- Lysterfield South
- Interactive map of Lysterfield South
- Coordinates: 37°56′56″S 145°15′36″E﻿ / ﻿37.949°S 145.260°E
- Country: Australia
- State: Victoria
- City: Melbourne
- LGA: City of Casey;
- Location: 30 km (19 mi) from Melbourne; 6 km (3.7 mi) from Dandenong;

Government
- • State electorate: Rowville;
- • Federal division: Bruce;

Area
- • Total: 4.6 km^{2} (1.8 sq mi)
- Elevation: 155 m (509 ft)

Population
- • Total: 994 (2021 census)
- • Density: 216.1/km^{2} (560/sq mi)
- Postcode: 3156
Suburbs around Lysterfield South
| Rowville |  | Lysterfield |
| Endeavour Hills | Lysterfield South | Lysterfield |
|  | Endeavour Hills | Narre Warren North |

= Lysterfield South =

Lysterfield South is an outer suburb in Melbourne, Victoria, Australia, 30 km south-east of Melbourne's Central Business District, located within the City of Casey local government area. Lysterfield South recorded a population of 994 at the 2021 census.
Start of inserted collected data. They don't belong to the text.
lemma gin_ideal_comp:
  assumes s: "is_mat n \<sigma>" and inv1: "mat_mult n \<sigma> \<sigma>' = mat_id n" and inv2: "mat_mult n \<sigma>' \<sigma> = mat_id n"
  shows "gin n lo (ideal_comp n I \<sigma>) = gin n lo I"
proof -
  have "(\<exists>U. dense_open_GL n U \<and> (\<forall>T\<in>U. init_ideal n lo (ideal_comp n (ideal_comp n I \<sigma>) T) = J)) \<longleftrightarrow>
        (\<exists>U. dense_open_GL n U \<and> (\<forall>T\<in>U. init_ideal n lo (ideal_comp n I T) = J))" for J
  proof
    assume "\<exists>U. dense_open_GL n U \<and> (\<forall>T\<in>U. init_ideal n lo (ideal_comp n (ideal_comp n I \<sigma>) T) = J)"
    then obtain U where "dense_open_GL n U" "\<forall>T\<in>U. init_ideal n lo (ideal_comp n (ideal_comp n I \<sigma>) T) = J"
      by blast
    then show "\<exists>U. dense_open_GL n U \<and> (\<forall>T\<in>U. init_ideal n lo (ideal_comp n I T) = J)"
      by (rule gin_witness_transfer[OF _ _ inv1 inv2]) (simp add: ideal_comp_comp[OF s])
  next
    assume "\<exists>U. dense_open_GL n U \<and> (\<forall>T\<in>U. init_ideal n lo (ideal_comp n I T) = J)"
    then obtain U where "dense_open_GL n U" "\<forall>T\<in>U. init_ideal n lo (ideal_comp n I T) = J"
      by blast
    then show "\<exists>U. dense_open_GL n U \<and> (\<forall>T\<in>U. init_ideal n lo (ideal_comp n (ideal_comp n I \<sigma>) T) = J)"
      by (rule gin_witness_transfer[OF _ _ inv2 inv1])
        (simp add: ideal_comp_comp[OF s] mat_mult_assoc inv1 mat_mult_id_left)
  qed
  then show ?thesis unfolding gin_def by simp
qed



section \<open>Quotients of equivalent maps\<close>

lemma continuous_on_bieval:
  assumes "\<And>i. continuous_on UNIV (\<lambda>\<epsilon>::real. Y \<epsilon> i)"
  shows "continuous_on UNIV (\<lambda>\<epsilon>. bieval q (Y \<epsilon>))"
  unfolding bieval_def mval_def split_def
  by (intro continuous_intros assms)

lemma continuous_on_mat_app:
  assumes "\<And>i. continuous_on UNIV (\<lambda>\<epsilon>::real. Y \<epsilon> i)"
  shows "continuous_on UNIV (\<lambda>\<epsilon>. mat_app n T (Y \<epsilon>) i)"
proof (cases "i \<le> n")
  case True then show ?thesis unfolding mat_app_def by (simp, intro continuous_intros assms)
qed (simp add: mat_app_def)

lemma continuous_on_shift_coord0: "continuous_on UNIV (\<lambda>\<epsilon>::real. Z i + (if i = 0 then complex_of_real \<epsilon> else 0))"
  by (cases "i = 0") (simp_all, intro continuous_intros)

lemma hform_shift_coord0:
  "hform b n (\<lambda>j. Z j + (if j = 0 then complex_of_real \<epsilon> else 0)) =
     hform b n Z - (2 * \<epsilon> * Re (Z 0) + \<epsilon>\<^sup>2)"
proof -
  let ?Y = "\<lambda>j. Z j + (if j = 0 then complex_of_real \<epsilon> else 0)"
  have s1: "(\<Sum>j\<in>{..b}. (cmod (?Y j))\<^sup>2) = (cmod (?Y 0))\<^sup>2 + (\<Sum>j\<in>{..b} - {0}. (cmod (Z j))\<^sup>2)"
    by (subst sum.remove[of _ 0]) auto
  have s2: "(\<Sum>j\<in>{..b}. (cmod (Z j))\<^sup>2) = (cmod (Z 0))\<^sup>2 + (\<Sum>j\<in>{..b} - {0}. (cmod (Z j))\<^sup>2)"
    by (subst sum.remove[of _ 0]) auto
  have s3: "(\<Sum>j\<in>{b+1..n}. (cmod (?Y j))\<^sup>2) = (\<Sum>j\<in>{b+1..n}. (cmod (Z j))\<^sup>2)"
    by (intro sum.cong) auto
  have c: "(cmod (Z 0 + complex_of_real \<epsilon>))\<^sup>2 = (cmod (Z 0))\<^sup>2 + (2 * \<epsilon> * Re (Z 0) + \<epsilon>\<^sup>2)"
    unfolding cmod_power2 by (simp add: power2_eq_square algebra_simps)
  show ?thesis unfolding hform_def s1 s2 s3 using c by simp
qed

lemma map_val_comp:
  assumes comp: "\<forall>k\<le>N. \<forall>Z. eval (F k) (mat_app n \<tau> Z) = (\<Sum>j\<le>N. \<chi> k j * eval (G j) Z)"
  shows "map_val N F (mat_app n \<tau> Z) = mat_app N \<chi> (map_val N G Z)"
proof
  fix k show "map_val N F (mat_app n \<tau> Z) k = mat_app N \<chi> (map_val N G Z) k"
    using comp by (auto simp: map_val_def mat_app_def intro!: sum.cong)
qed

lemma eq_0_if_eq_0_off_null_cone:
  fixes g :: "(nat \<Rightarrow> complex) \<Rightarrow> complex"
  assumes cont: "\<And>Y. (\<And>i. continuous_on UNIV (\<lambda>\<epsilon>::real. Y \<epsilon> i)) \<Longrightarrow> continuous_on UNIV (\<lambda>\<epsilon>. g (Y \<epsilon>))"
    and off_cone: "\<And>Z. hform b n Z \<noteq> 0 \<Longrightarrow> g Z = 0"
  shows "g Z = 0"
proof (cases "hform b n Z = 0")
  case False then show ?thesis by (rule off_cone)
next
  case True
  define Y where "Y \<epsilon> = (\<lambda>j. Z j + (if j = 0 then complex_of_real \<epsilon> else 0))" for \<epsilon>
  have "continuous_on UNIV (\<lambda>\<epsilon>. g (Y \<epsilon>))"
    unfolding Y_def by (rule cont) (rule continuous_on_shift_coord0)
  moreover have "Y 0 = Z" by (rule ext) (simp add: Y_def)
  ultimately have lim: "((\<lambda>\<epsilon>. g (Y \<epsilon>)) \<longlongrightarrow> g Z) (at_right 0)"
    by (metis continuous_on_def UNIV_I tendsto_within_subset top_greatest)
  \<comment> \<open>Moving Z 0 along the real axis leaves the null cone at once, except possibly at one
      second value of \<epsilon>, namely - 2 Re (Z 0); staying below it keeps Y \<epsilon> off the cone.\<close>
  define \<delta> where "\<delta> = (if Re (Z 0) < 0 then - 2 * Re (Z 0) else 1)"
  have "\<delta> > 0" by (simp add: \<delta>_def)
  then have "eventually (\<lambda>\<epsilon>::real. 0 < \<epsilon> \<and> \<epsilon> < \<delta>) (at_right 0)"
    by (simp add: eventually_conj eventually_at_right_less eventually_at_right_field) blast
  then have "eventually (\<lambda>\<epsilon>. g (Y \<epsilon>) = 0) (at_right 0)"
  proof eventually_elim
    case (elim \<epsilon>)
    then have "\<epsilon> * (2 * Re (Z 0) + \<epsilon>) \<noteq> 0"
      by (cases "Re (Z 0) < 0") (auto simp: \<delta>_def mult_pos_neg)
    then have "hform b n (Y \<epsilon>) \<noteq> 0"
      using True by (simp add: Y_def hform_shift_coord0 power2_eq_square algebra_simps)
    then show ?case by (rule off_cone)
  qed
  then have "((\<lambda>\<epsilon>. g (Y \<epsilon>)) \<longlongrightarrow> 0) (at_right 0)"
    by (rule tendsto_eventually)
  then show ?thesis using lim tendsto_unique[OF trivial_limit_at_right_real] by blast
qed

lemma quotient_transport:
  assumes qF: "is_quotient a b A B F qF" and qG: "is_quotient a b A B G qG"
    and tau: "aut_HQ a b \<tau>" and chi: "aut_HQ A B \<chi>"
    and comp: "\<forall>k\<le>A+B. \<forall>Z. eval (F k) (mat_app (a+b) \<tau> Z) = (\<Sum>j\<le>A+B. \<chi> k j * eval (G j) Z)"
  shows "\<exists>\<kappa>. \<kappa> \<noteq> 0 \<and> (\<forall>Z. bieval qG Z = complex_of_real \<kappa> * bieval qF (mat_app (a+b) \<tau> Z))"
proof -
  obtain ct where ct: "ct \<noteq> 0" "\<And>Z. hform b (a+b) (mat_app (a+b) \<tau> Z) = ct * hform b (a+b) Z"
    using tau by (auto simp: aut_HQ_def)
  obtain cc where cc: "cc \<noteq> 0" "\<And>W. hform B (A+B) (mat_app (A+B) \<chi> W) = cc * hform B (A+B) W"
    using chi by (auto simp: aut_HQ_def)
  have eF: "complex_of_real (hform B (A+B) (map_val (A+B) F W)) = complex_of_real (hform b (a+b) W) * bieval qF W" for W
    using qF by (simp add: is_quotient_def)
  have eG: "complex_of_real (hform B (A+B) (map_val (A+B) G W)) = complex_of_real (hform b (a+b) W) * bieval qG W" for W
    using qG by (simp add: is_quotient_def)
  define \<kappa> where "\<kappa> = ct / cc"
  define g where "g Z = bieval qG Z - complex_of_real \<kappa> * bieval qF (mat_app (a+b) \<tau> Z)" for Z
  have "g Z = 0" for Z
  proof (rule eq_0_if_eq_0_off_null_cone[where g=g])
    fix Y :: "real \<Rightarrow> nat \<Rightarrow> complex" assume Y: "\<And>i. continuous_on UNIV (\<lambda>\<epsilon>. Y \<epsilon> i)"
    then show "continuous_on UNIV (\<lambda>\<epsilon>. g (Y \<epsilon>))"
      unfolding g_def by (intro continuous_intros continuous_on_bieval continuous_on_mat_app Y)
  next
    fix Z assume hz: "hform b (a+b) Z \<noteq> 0"
    have "complex_of_real cc * (complex_of_real (hform b (a+b) Z) * bieval qG Z)
        = complex_of_real (hform B (A+B) (map_val (A+B) F (mat_app (a+b) \<tau> Z)))"
      by (simp add: map_val_comp[OF comp] cc(2) eG[symmetric])
    also have "\<dots> = complex_of_real ct * (complex_of_real (hform b (a+b) Z) * bieval qF (mat_app (a+b) \<tau> Z))"
      by (simp add: eF ct(2))
    finally have "complex_of_real (hform b (a+b) Z) * (complex_of_real cc * bieval qG Z) =
        complex_of_real (hform b (a+b) Z) * (complex_of_real ct * bieval qF (mat_app (a+b) \<tau> Z))"
      by (simp add: mult_ac)
    then show "g Z = 0"
      using hz cc(1) by (simp add: g_def \<kappa>_def field_simps)
  qed
  moreover have "\<kappa> \<noteq> 0" using ct cc by (simp add: \<kappa>_def)
  ultimately show ?thesis unfolding g_def by auto
qed

lemma IH_eq_ideal_gen_hol_decomp:
  assumes "hol_decomp n q hp hm"
  shows "\<exists>hp' hm'. hol_decomp n q hp' hm' \<and> IH n q = ideal_gen n (set hp' \<union> set hm')"
proof -
  define P where "P = (\<lambda>(hp, hm). hol_decomp n q hp hm)"
  have "P (hp, hm)" using assms by (simp add: P_def)
  then have Ps: "P (SOME x. P x)" by (rule someI)
  obtain x1 x2 where x: "(SOME x. P x) = (x1, x2)" by (cases "SOME x. P x")
  have "IH n q = ideal_gen n (set x1 \<union> set x2)" unfolding IH_def P_def[symmetric] x by simp
  then show ?thesis using Ps x by (auto simp: P_def)
qed

lemma IH_eq_if_no_hol_decomp:
  assumes "\<forall>hp hm. \<not> hol_decomp n q hp hm" "\<forall>hp hm. \<not> hol_decomp n q' hp hm"
  shows "IH n q = IH n q'"
proof -
  have "(\<lambda>(hp, hm). hol_decomp n q hp hm) = (\<lambda>(hp, hm). hol_decomp n q' hp hm)"
    using assms by (auto simp: fun_eq_iff)
  then show ?thesis unfolding IH_def by simp
qed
It is notable for containing Churchill National Park which can be entered via Army Road, from Churchill Park Drive.

==History==

Lysterfield South was originally inhabited by the Wurundjeri tribe of the Kulin nation.

The area was first settled by European settlers in 1838, with it and its surrounding suburbs originally part of Narre Warren North, which it now borders. The development of Lysterfield South is closely linked with that of its neighbouring suburbs Lysterfield and Rowville.